Encore une fois, elle échoua lamentablement. Mais, cette fois-ci, elle sentit que le lien entre les deux entités avait souffert de son attaque. Elle se lança à nouveau à l'assaut, insistant encore un peu plus, maintint un flux d'énergie constant, au lieu d'envoyer une seule quantité, en une fois, admira la liaison entre le corps et l'esprit, qui se tendait à chaque instant un peu plus. Finalement, elle l'amena au point de rupture, là où il ne manquait plus qu'une petite secousse pour briser le lien.

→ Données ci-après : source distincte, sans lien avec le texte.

lemma l2inner_integrable:
  assumes "f \<in> L2 M" "g \<in> L2 M"
  shows "integrable M (\<lambda>x. f x * cnj (g x))"
proof (rule Bochner_Integration.integrable_bound)
  have [measurable]: "f \<in> borel_measurable M" "g \<in> borel_measurable M"
    using assms by (auto dest: L2_measurable)
  show "integrable M (\<lambda>x. (cmod (f x))\<^sup>2 + (cmod (g x))\<^sup>2)"
    using assms by (auto dest: L2_integrable_norm2)
  show "(\<lambda>x. f x * cnj (g x)) \<in> borel_measurable M"
    by measurable
  show "AE x in M. norm (f x * cnj (g x)) \<le> norm ((cmod (f x))\<^sup>2 + (cmod (g x))\<^sup>2)"
  proof
    fix x
    have "cmod (f x) * cmod (g x) \<le> 2 * cmod (f x) * cmod (g x)"
      by simp
    also have "\<dots> \<le> (cmod (f x))\<^sup>2 + (cmod (g x))\<^sup>2"
      by (rule sum_squares_bound)
    finally show "norm (f x * cnj (g x)) \<le> norm ((cmod (f x))\<^sup>2 + (cmod (g x))\<^sup>2)"
      by (simp add: norm_mult)
  qed
qed

lemma l2inner_add_left:
  assumes "f \<in> L2 M" "g \<in> L2 M" "h \<in> L2 M"
  shows "l2inner M (\<lambda>x. f x + g x) h = l2inner M f h + l2inner M g h"
  unfolding l2inner_def
  using l2inner_integrable[OF assms(1,3)] l2inner_integrable[OF assms(2,3)]
  by (simp add: distrib_right)

lemma l2inner_mult_left: "l2inner M (\<lambda>x. c * f x) h = c * l2inner M f h"
  unfolding l2inner_def by (simp add: mult.assoc)

lemma l2inner_mult_right: "l2inner M f (\<lambda>x. c * h x) = cnj c * l2inner M f h"
  unfolding l2inner_def by (simp add: ac_simps)

lemma l2inner_commute: "l2inner M g f = cnj (l2inner M f g)"
proof -
  have "(\<lambda>x. g x * cnj (f x)) = (\<lambda>x. cnj (f x * cnj (g x)))"
    by (simp add: fun_eq_iff mult.commute)
  then show ?thesis
    unfolding l2inner_def by (simp only: Bochner_Integration.integral_cnj)
qed
lemma run_terminates_if_feasible:
  fixes s0 s1 :: "'v::finite \<Rightarrow> 'v"
  assumes feasible: "switch_feasible s0 s1 a d x"
  shows "run_terminates s0 s1 a d"
proof (rule ccontr)
  let ?n = "Suc (total_flow s0 s1 x)"
  assume "\<not> run_terminates s0 s1 a d"
  then have "traversals s0 s1 a ?n e \<le> x e" for e
    using traversals_le_feasible[OF feasible] by (simp add: run_terminates_def)
  then have "(\<Sum>e\<in>sw_edges s0 s1. traversals s0 s1 a ?n e) \<le> total_flow s0 s1 x"
    unfolding total_flow_def by (rule sum_mono)
  then show False
    by (simp add: sum_traversals)
qed

lemma run_profile_le_feasible:
  fixes s0 s1 :: "'v::finite \<Rightarrow> 'v"
  assumes "switch_feasible s0 s1 a d x"
  shows "run_profile s0 s1 a d e \<le> x e"
proof -
  have "\<forall>i<run_length s0 s1 a d. run_pos s0 s1 a i \<noteq> d"
    by (auto dest: run_pos_before_run_length)
  then show ?thesis
    unfolding run_profile_eq_traversals by (rule traversals_le_feasible[OF assms])
qed

lemma switch_feasible_run_profile:
  fixes s0 s1 :: "'v::finite \<Rightarrow> 'v"
  assumes terminates: "run_terminates s0 s1 a d" and "a \<noteq> d"
  shows "switch_feasible s0 s1 a d (run_profile s0 s1 a d)"
  unfolding switch_feasible_def run_profile_eq_traversals
proof (intro conjI allI impI)
  fix e
  assume "e \<notin> sw_edges s0 s1"
  then show "traversals s0 s1 a (run_length s0 s1 a d) e = 0"
    by (rule traversals_eq_0_if_not_edge)
next
  fix v
  show "int (\<Sum>e\<in>out_edges s0 s1 v. traversals s0 s1 a (run_length s0 s1 a d) e)
        - int (\<Sum>e\<in>in_edges s0 s1 v. traversals s0 s1 a (run_length s0 s1 a d) e)
        = (if v = a then 1 else if v = d then - 1 else 0)"
    using traversals_flow[where a=a and v=v and n="run_length s0 s1 a d"]
      run_pos_run_length[OF terminates] \<open>a \<noteq> d\<close>
    by (auto simp del: of_nat_sum)
next
  fix v
  show "traversals s0 s1 a (run_length s0 s1 a d) (v, s1 v)
          \<le> traversals s0 s1 a (run_length s0 s1 a d) (v, s0 v)"
    by (rule traversals_switching[THEN conjunct1])
  show "traversals s0 s1 a (run_length s0 s1 a d) (v, s0 v)
          \<le> traversals s0 s1 a (run_length s0 s1 a d) (v, s1 v) + 1"
    by (rule traversals_switching[THEN conjunct2])
qed

lemma total_flow_less_if_dominates:
  fixes y x :: "'v \<times> 'v \<Rightarrow> nat"
  assumes "finite (sw_edges s0 s1)" and le: "\<And>e. y e \<le> x e"
    and "\<forall>e. e \<notin> sw_edges s0 s1 \<longrightarrow> x e = 0" and "y \<noteq> x"
  shows "total_flow s0 s1 y < total_flow s0 s1 x"
proof -
  obtain e where "y e \<noteq> x e"
    using \<open>y \<noteq> x\<close> by blast
  moreover have "y e \<le> x e"
    by (rule le)
  ultimately have "e \<in> sw_edges s0 s1" "y e < x e"
    using assms(3) by (metis le_zero_eq, simp)
  then show ?thesis
    unfolding total_flow_def using assms(1) le by (meson sum_strict_mono_ex1)
qed

theorem theorem4:
  fixes s0 s1 :: "'v::finite \<Rightarrow> 'v" and a d :: 'v
  assumes "a \<noteq> d"
  shows "(run_terminates s0 s1 a d \<longleftrightarrow> (\<exists>x. switch_feasible s0 s1 a d x)) \<and>
         (run_terminates s0 s1 a d \<longrightarrow>
            switch_feasible s0 s1 a d (run_profile s0 s1 a d) \<and>
            (\<forall>x. switch_feasible s0 s1 a d x \<and> x \<noteq> run_profile s0 s1 a d \<longrightarrow>
                 total_flow s0 s1 (run_profile s0 s1 a d) < total_flow s0 s1 x))"
proof (intro conjI impI allI iffI)
  show "run_terminates s0 s1 a d" if "\<exists>x. switch_feasible s0 s1 a d x"
    using that run_terminates_if_feasible by blast
  assume terminates: "run_terminates s0 s1 a d"
  show "switch_feasible s0 s1 a d (run_profile s0 s1 a d)"
    using switch_feasible_run_profile[OF terminates assms] .
  then show "\<exists>x. switch_feasible s0 s1 a d x" by blast
  fix x
  assume x: "switch_feasible s0 s1 a d x \<and> x \<noteq> run_profile s0 s1 a d"
  then have "\<forall>e. e \<notin> sw_edges s0 s1 \<longrightarrow> x e = 0"
    by (simp add: switch_feasible_def)
  then show "total_flow s0 s1 (run_profile s0 s1 a d) < total_flow s0 s1 x"
    using x run_profile_le_feasible by (intro total_flow_less_if_dominates) auto
qed

end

Elle donna une dernière impulsion. Le lien se rompit. Et, immédiatement, Imaven se matérialisa devant la princesse sous sa forme spectrale, un sourire aux lèvres.
— Félicitations.
Evvie cilla, encore sous le choc de la quantité – pas si négligeable qu'elle l'aurait crue – nécessaire à la séparation d'un esprit elfique et d'un lombric. Imaven vit sa surprise sur son visage, se permit un léger rire.
— Étonnant, n'est-ce pas ? La liaison entre possesseur et possédé, en fonction de la situation, peut être incroyablement solide. Dans le cas actuel, elle l'était, parce que mon hôte ne m'opposait pas de résistance.
— Tous les fantômes savent faire ça ? demanda soudain Evvie, mettant enfin le doigt sur la question qui lui trottait dans la tête depuis quelques minutes.
— En principe, oui. Mais ils ne sont pas forcément au courant, et même quand ils le savent, cela requiert une énergie magique assez conséquente. Et le fait est qu'un hôte vivant va en général se rebeller contre la possession n'aide pas. Ensuite, ce n'est qu'une question d'équilibre des forces. Soit le possédé est plus puissant, donc il va éjecter spontanément le possesseur, soit le possesseur domine, et fait ce qu'il veut du corps qu'il a acquis.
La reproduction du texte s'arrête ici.